-- Data records follows --

lemma rational_projection_onto_orthogonal_comp:
  fixes T :: "(real ^ 'n) set"
  assumes "finite T" "\<And>t. t \<in> T \<Longrightarrow> rat_vec t"
  obtains P where "continuous_on UNIV P" "\<And>x. P x \<in> T\<^sup>\<bottom>" "\<And>y. y \<in> T\<^sup>\<bottom> \<Longrightarrow> P y = y"
    "\<And>x. rat_vec x \<Longrightarrow> rat_vec (P x)"
proof -
  obtain B where B: "\<forall>b\<in>B. rat_vec b" "pairwise orthogonal B" "span B = span T"
    using rational_orthogonal_basis[OF assms] by blast
  show ?thesis
  proof (rule that)
    show "continuous_on UNIV (orth_residual B)"
      by (rule continuous_on_orth_residual)
    show "rat_vec (orth_residual B x)" if "rat_vec x" for x
      using B(1) that by (simp add: rat_vec_orth_residual)
    show "orth_residual B x \<in> T\<^sup>\<bottom>" for x
      using orthogonal_orth_residual[OF B(2)] B(3)
      by (auto simp: orthogonal_comp_def intro: span_base)
    show "orth_residual B y = y" if "y \<in> T\<^sup>\<bottom>" for y
    proof (rule orth_residual_eq_self)
      fix b assume "b \<in> B"
      then have "b \<in> span T"
        using B(3) span_base by blast
      moreover have "orthogonal y t" if "t \<in> T" for t
        using \<open>y \<in> T\<^sup>\<bottom>\<close> that by (simp add: orthogonal_comp_def orthogonal_commute)
      ultimately show "orthogonal b y"
        using orthogonal_to_span orthogonal_commute by blast
    qed
  qed
qed

lemma orthogonal_comp_subset_closure_rat_vec:
  fixes T :: "(real ^ 'n) set"
  assumes "finite T" "\<And>t. t \<in> T \<Longrightarrow> rat_vec t"
  shows "T\<^sup>\<bottom> \<subseteq> closure {y \<in> T\<^sup>\<bottom>. rat_vec y}"
proof
  fix y assume y: "y \<in> T\<^sup>\<bottom>"
  obtain P where P: "continuous_on UNIV P" "\<And>x. P x \<in> T\<^sup>\<bottom>" "\<And>y. y \<in> T\<^sup>\<bottom> \<Longrightarrow> P y = y"
    "\<And>x. rat_vec x \<Longrightarrow> rat_vec (P x)"
    using rational_projection_onto_orthogonal_comp[OF assms] by blast
  have "y \<in> closure {x. rat_vec x}"
    by (simp add: closure_rat_vec)
  then obtain X where X: "\<And>k. rat_vec (X k)" "X \<longlonglongrightarrow> y"
    unfolding closure_sequential by blast
  have "(\<lambda>k. P (X k)) \<longlonglongrightarrow> P y"
    using continuous_on_tendsto_compose[OF P(1) X(2)] by simp
  then show "y \<in> closure {y \<in> T\<^sup>\<bottom>. rat_vec y}"
    unfolding closure_sequential P(3)[OF y]
    by (intro exI[of _ "\<lambda>k. P (X k)"]) (simp add: P(2,4) X(1))
qed

lemma orthogonal_comp_subset_closure_padic_vec:
  fixes T :: "(real ^ 'n) set"
  assumes "p \<ge> 2" "finite T" "\<And>t. t \<in> T \<Longrightarrow> rat_vec t"
  shows "T\<^sup>\<bottom> \<subseteq> closure {y \<in> T\<^sup>\<bottom>. padic_vec p y}"
proof -
  have "{y \<in> T\<^sup>\<bottom>. rat_vec y} \<subseteq> closure {y \<in> T\<^sup>\<bottom>. padic_vec p y}"
  proof
    fix q assume q: "q \<in> {y \<in> T\<^sup>\<bottom>. rat_vec y}"
    then have "span {q} \<subseteq> T\<^sup>\<bottom>"
      by (simp add: span_minimal subspace_orthogonal_comp)
    then have "closure {y \<in> span {q}. padic_vec p y} \<subseteq> closure {y \<in> T\<^sup>\<bottom>. padic_vec p y}"
      by (intro closure_mono) blast
    then show "q \<in> closure {y \<in> T\<^sup>\<bottom>. padic_vec p y}"
      using rat_vec_in_closure_padic_span[OF assms(1)] q by blast
  qed
  then have "closure {y \<in> T\<^sup>\<bottom>. rat_vec y} \<subseteq> closure {y \<in> T\<^sup>\<bottom>. padic_vec p y}"
    by (simp add: closure_minimal)
  then show ?thesis
    using orthogonal_comp_subset_closure_rat_vec[OF assms(2,3)] by blast
qed
(* For any type distribution $D$, any valuation functions $\{v_i\}_{i\in[n]}$ such that for every bidder $i$ and every type $t_i$ the set function $v_i(t_i,\cdot)$ is monotone and subadditive on $2^{[m]}$, and any Bayes–Nash equilibrium $s$ of the simultaneous all-pay auction (SAP), the tuple $(\mathrm{SAP},s,D,\{v_i\})$ is $\tfrac12$-efficient.
   Context: $n$ bidders, $m$ items; bidder $i$ has type $t_i\sim D_i$ (independent across bidders, $D=\times_iD_i$) and valuation $v_i(t_i,S)\ge0$. A simultaneous auction runs $m$ independent single-item auctions, one per item, on bid vectors $b_i\in(\mathbb R_{\ge0}\cup\{\perp\})^m$ ($\perp$ = abstain, pays nothing for that item); bidder $i$ receives the union of items won, pays the sum of per-item payments $p_i^{(j)}$, utility = value of bundle minus payment. SAP: in each item's auction the highest bidder wins and every bidder pays its bid for that item. Strategies map types to distributions of bid vectors; Bayes–Nash equilibrium (BNE) means no bidder of any type can improve its expected utility by deviating. $\mathrm{Rev}^{(s)}_D(\mathcal A,S)=\sum_i\sum_{j\in S}\mathbb E_{t\sim D,b\sim s(t)}[p_i^{(j)}(b^{(j)})]$. $\mu_i^{(s)}(t_i,S)=\sup_{q_i\in(\mathbb R_{\ge0}\cup\{\perp\})^m}\mathbb E_{t_{-i}\sim D_{-i},b_{-i}\sim s_{-i}(t_{-i})}\big[v_i(t_i,X_i(q_i,b_{-i})\cap S)-\sum_{j\in S}p_i^{(j)}(q_i^{(j)},b_{-i}^{(j)})\big]$, where $X_i$ is the set of items $i$ wins. $c$-efficiency of $(\mathcal A,s,D,\{v_i\})$: (1) per-item payments are nonnegative and bidding $\perp$ on an item costs nothing for it; (2) the highest bidder on each item wins it; (3) for all $i,t_i,S\subseteq[m]$: $\mu_i^{(s)}(t_i,S)+\mathrm{Rev}^{(s)}_D(\mathcal A,S)\ge c\,v_i(t_i,S)$. *)

theory Defs
  imports "HOL-Probability.Probability"
begin

text \<open>A bid on a single item is an element of the nonnegative reals or the abstention
  symbol; abstention is None, a bid x is Some x.  A bid vector is a function from items
  to single-item bids; only items 0..m-1 are relevant.\<close>

type_synonym bidvec = "nat \<Rightarrow> real option"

-- Data records concluded --

Report all lines above with "open".

        using \<open>y \<in> T\<^sup>\<bottom>\<close> that by (simp add: orthogonal_comp_def orthogonal_commute)
text \<open>A bid on a single item is an element of the nonnegative reals or the abstention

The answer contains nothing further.